この決まりごとを破り、災が訪れた場合、長く苦しい旅に出る事になるだろう。
〜〜〜〜
なんだ?この不思議な内容は。
会社の運営に関しての事は何一つ書かれていないじゃないか。
そもそも、裏口の必要性を全く感じないのに、何故裏口の事しか書かれていないんだ?
俺が引き継ぐ工場は大きな国道沿いに建っていて、二階建てのオフィスと工場があり、その二つの建物は短い渡り廊下で繋がっている。

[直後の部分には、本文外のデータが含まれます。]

(* Let $0<\kappa<1$, $\lambda=\sqrt{1-\kappa^2}$, and let $k\in(0,1)$ be defined by $k^2=\frac{1-\lambda}{1+\lambda}$ (so that $\kappa^2=\frac{4k^2}{(1+k^2)^2}$). For $\phi$ near $0$ define $$u(\phi)=\int_0^{\phi} F\!\left(\tfrac14,\tfrac34;\tfrac12;\kappa^2\sin^2\theta\right)\,\mathrm{d}\theta ,$$ let $u\mapsto\phi(u)$ be the local inverse near $0$ with $\phi(0)=0$, and set $s(u)=\sin\phi(u)$. Let $\mathrm{sn},\mathrm{dn}$ be the Jacobian elliptic functions of modulus $k$. Then $$s^2(u)=\mathrm{sn}^2\!\left[(1+k^2)^{-1/2}u\right]\Big\{k^2+\mathrm{dn}^2\!\left[(1+k^2)^{-1/2}u\right]\Big\}.$$
   Context: $F(a,b;c;z)$ denotes the Gauss hypergeometric function ${}_2F_1(a,b;c;z)$. $\mathrm{sn},\mathrm{cn},\mathrm{dn}$ are the standard Jacobian elliptic functions of modulus $k$. The identity holds near $u=0$ (and hence for the meromorphic extension of $s^2$). *)

theory Defs
  imports "HOL-Analysis.Analysis"
begin

text \<open>Gauss hypergeometric function 2F1(a,b;c;z) as its power series (used for |z| < 1).\<close>
definition hyp2F1 :: "real \<Rightarrow> real \<Rightarrow> real \<Rightarrow> real \<Rightarrow> real" where
  "hyp2F1 a b c z =
     (\<Sum>n. pochhammer a n * pochhammer b n / (pochhammer c n * fact n) * z ^ n)"

definition ell_F :: "real \<Rightarrow> real \<Rightarrow> real" where
  "ell_F k \<phi> = (LBINT \<theta>=0..\<phi>. 1 / sqrt (1 - k\<^sup>2 * (sin \<theta>)\<^sup>2))"
lemma uniform_limit_half_gauge_sq:
  assumes Cs: "\<forall>\<^sub>F n in sequentially. gauge_body (Cs n) \<rho>" and C: "gauge_body C \<rho>"
    and lim: "(\<lambda>n. hausdist (Cs n) C) \<longlonglongrightarrow> 0"
  shows "uniform_limit (cball 0 R) (\<lambda>n. half_gauge_sq (Cs n)) (half_gauge_sq C) sequentially"
proof (rule uniform_limitI)
  fix e :: real assume "e > 0"
  have "\<rho> > 0"
    using C gauge_body.radius_pos by blast
  define \<delta> where "\<delta> = e * \<rho> ^ 3 / (R\<^sup>2 + 1)"
  have "R\<^sup>2 + 1 > 0"
    by (simp add: add_nonneg_pos)
  then have "\<delta> > 0"
    using \<open>e > 0\<close> \<open>\<rho> > 0\<close> by (simp add: \<delta>_def)
  with lim have "\<forall>\<^sub>F n in sequentially. hausdist (Cs n) C < \<delta>"
    by (rule order_tendstoD)
  with Cs show "\<forall>\<^sub>F n in sequentially. \<forall>y\<in>cball 0 R.
      dist (half_gauge_sq (Cs n) y) (half_gauge_sq C y) < e"
  proof eventually_elim
    case (elim n)
    show ?case
    proof
      fix y :: 'a assume "y \<in> cball 0 R"
      then have "(norm y)\<^sup>2 \<le> R\<^sup>2 + 1"
        using power_mono[of "norm y" R 2] by simp
      have "0 \<le> hausdist (Cs n) C"
        using elim C by (intro hausdist_nonneg) (auto dest: gauge_body.compact gauge_body.zero_mem)
      have "dist (half_gauge_sq (Cs n) y) (half_gauge_sq C y) \<le> hausdist (Cs n) C * (norm y)\<^sup>2 / \<rho> ^ 3"
        using half_gauge_sq_hausdist_le[OF _ C] elim by (simp add: dist_real_def)
      also have "\<dots> \<le> hausdist (Cs n) C * (R\<^sup>2 + 1) / \<rho> ^ 3"
        using \<open>(norm y)\<^sup>2 \<le> R\<^sup>2 + 1\<close> \<open>0 \<le> hausdist (Cs n) C\<close> \<open>\<rho> > 0\<close>
        by (intro divide_right_mono mult_left_mono) auto
      also have "\<dots> < \<delta> * (R\<^sup>2 + 1) / \<rho> ^ 3"
        using elim \<open>\<rho> > 0\<close> by (intro divide_strict_right_mono mult_strict_right_mono) (auto simp: add_nonneg_pos)
      also have "\<dots> = e"
        using \<open>\<rho> > 0\<close> \<open>R\<^sup>2 + 1 > 0\<close> by (simp add: \<delta>_def)
      finally show "dist (half_gauge_sq (Cs n) y) (half_gauge_sq C y) < e" .
    qed
  qed
qed

section \<open>Convergence of the gradient maps\<close>

lemma eventually_smooth_gauge_body:
  assumes "\<And>n. regular_symmetric_body (Cs n)" and "gauge_body C r"
    and "(\<lambda>n. hausdist (Cs n) C) \<longlonglongrightarrow> 0"
  shows "\<forall>\<^sub>F n in sequentially. smooth_gauge_body (Cs n) (r / 2)"
proof -
  have "r > 0"
    using assms(2) by (rule gauge_body.radius_pos)
  then have "\<forall>\<^sub>F n in sequentially. hausdist (Cs n) C < r / 2"
    using assms(3) by (intro order_tendstoD) auto
  then show ?thesis
  proof eventually_elim
    case (elim n)
    have "gauge_body (Cs n) (r - hausdist (Cs n) C)"
      using assms(1)[of n] elim \<open>r > 0\<close>
      by (intro gauge_body_if_hausdist_less[OF assms(2)]) (auto simp: regular_symmetric_body_def)
    then have "gauge_body (Cs n) (r / 2)"
      by (rule gauge_body.smaller_radius) (use elim \<open>r > 0\<close> in auto)
    then show ?case
      using assms(1) by (rule gauge_body.smooth_if_regular_symmetric_body)
  qed
qed

lemma uniform_limit_phi:
  assumes Cs: "\<forall>\<^sub>F n in sequentially. smooth_gauge_body (Cs n) \<rho>" and C: "smooth_gauge_body C \<rho>"
    and "(\<lambda>n. hausdist (Cs n) C) \<longlonglongrightarrow> 0"
  shows "uniform_limit (cball 0 R) (\<lambda>n. phi (Cs n)) (phi C) sequentially"
proof -
  have "gauge_body C \<rho>"
    using C by (rule smooth_gauge_body.axioms)
  moreover have "\<forall>\<^sub>F n in sequentially. gauge_body (Cs n) \<rho>"
    using Cs by (rule eventually_mono) (rule smooth_gauge_body.axioms)
  ultimately have unif: "uniform_limit (cball 0 S) (\<lambda>n. half_gauge_sq (Cs n)) (half_gauge_sq C) sequentially" for S
    using assms(3) by (intro uniform_limit_half_gauge_sq)
  define B where "B = (R + 1)\<^sup>2 / (2 * \<rho>\<^sup>2)"
  show ?thesis
  proof (rule uniform_limit_subgradients[where B = B, OF _ unif])
    show "(\<lambda>n. half_gauge_sq (Cs n) y) \<longlonglongrightarrow> half_gauge_sq C y" for y
      using uniform_limit_on_subset[OF unif[of "norm y"], of "{y}"] by simp
    show "continuous_on (cball 0 R) (half_gauge_sq C)"
      using gauge_body.continuous_on_half_gauge_sq[OF \<open>gauge_body C \<rho>\<close>] by (rule continuous_on_subset) simp
    show "\<forall>\<^sub>F n in sequentially. \<forall>x\<in>cball 0 R. is_subgradient (half_gauge_sq (Cs n)) x (phi (Cs n) x)"
      using Cs by eventually_elim (simp add: smooth_gauge_body.phi_is_subgradient)
    show "is_subgradient (half_gauge_sq C) x (phi C x)" for x
      using C by (rule smooth_gauge_body.phi_is_subgradient)
    show "v = phi C x" if "is_subgradient (half_gauge_sq C) x v" for x v
      using smooth_gauge_body.subgradient_unique[OF C that smooth_gauge_body.phi_is_subgradient[OF C]] .
    show "\<forall>\<^sub>F n in sequentially. \<forall>x\<in>cball 0 R. norm (phi (Cs n) x) \<le> B"
      using Cs
    proof eventually_elim
      case (elim n)
      then show ?case
        using gauge_body.norm_subgradient_le[OF smooth_gauge_body.axioms(1)[OF elim]
            smooth_gauge_body.phi_is_subgradient[OF elim]] by (simp add: B_def)
    qed
    show "norm (phi C x) \<le> B" if "x \<in> cball 0 R" for x
      using gauge_body.norm_subgradient_le[OF \<open>gauge_body C \<rho>\<close> smooth_gauge_body.phi_is_subgradient[OF C]] that
      by (simp add: B_def)
  qed simp
qed

theorem proposition4p6:
  fixes Cs :: "nat \<Rightarrow> 'a::euclidean_space set" and C :: "'a set"
  assumes "\<And>n. regular_symmetric_body (Cs n)"
    and "regular_symmetric_body C"
    and "(\<lambda>n. hausdist (Cs n) C) \<longlonglongrightarrow> 0"
  shows "(\<lambda>n. SUP x\<in>cball 0 1. norm (phi (Cs n) x - phi C x)) \<longlonglongrightarrow> 0"
proof -
  obtain r where "gauge_body C r"
    using regular_symmetric_body_imp_gauge_body[OF assms(2)] .
  then have "gauge_body C (r / 2)"
    using gauge_body.smaller_radius[of C r "r / 2"] gauge_body.radius_pos by auto
  then have "smooth_gauge_body C (r / 2)"
    using assms(2) by (rule gauge_body.smooth_if_regular_symmetric_body)
  moreover have "\<forall>\<^sub>F n in sequentially. smooth_gauge_body (Cs n) (r / 2)"
    using assms(1) \<open>gauge_body C r\<close> assms(3) by (rule eventually_smooth_gauge_body)
  ultimately have "uniform_limit (cball 0 1) (\<lambda>n. phi (Cs n)) (phi C) sequentially"
    using assms(3) by (intro uniform_limit_phi)
  then show ?thesis
    by (rule uniform_limit_imp_SUP_norm_diff_tendsto_0) simp
qed

end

奥行きの長い工場で、正面には大きな搬入口があり、こちらしか利用していない。
オジサンがしきりに気にしているのは、軽トラが出入りできるくらいの裏の搬入口と、宿直室から外に出られるようになっている裏口だ。
そのどちらもが小川に面しているから利用価値はない。
もしかして、じいちゃんの時代には川から何かを搬入していたのかな?
しかし、川幅3メートルくらいで水深も浅そうだから船で何かを運んだとは考え辛い。
この使い道のない搬入口の右横には、勝手口の扉がついており、反対横には宿直室がある。
何の利用価値もないから、誰も気にも止めないし、シャッターの前にも勝手口の前にもダンボールが詰んであり、もはや意味をなしてない。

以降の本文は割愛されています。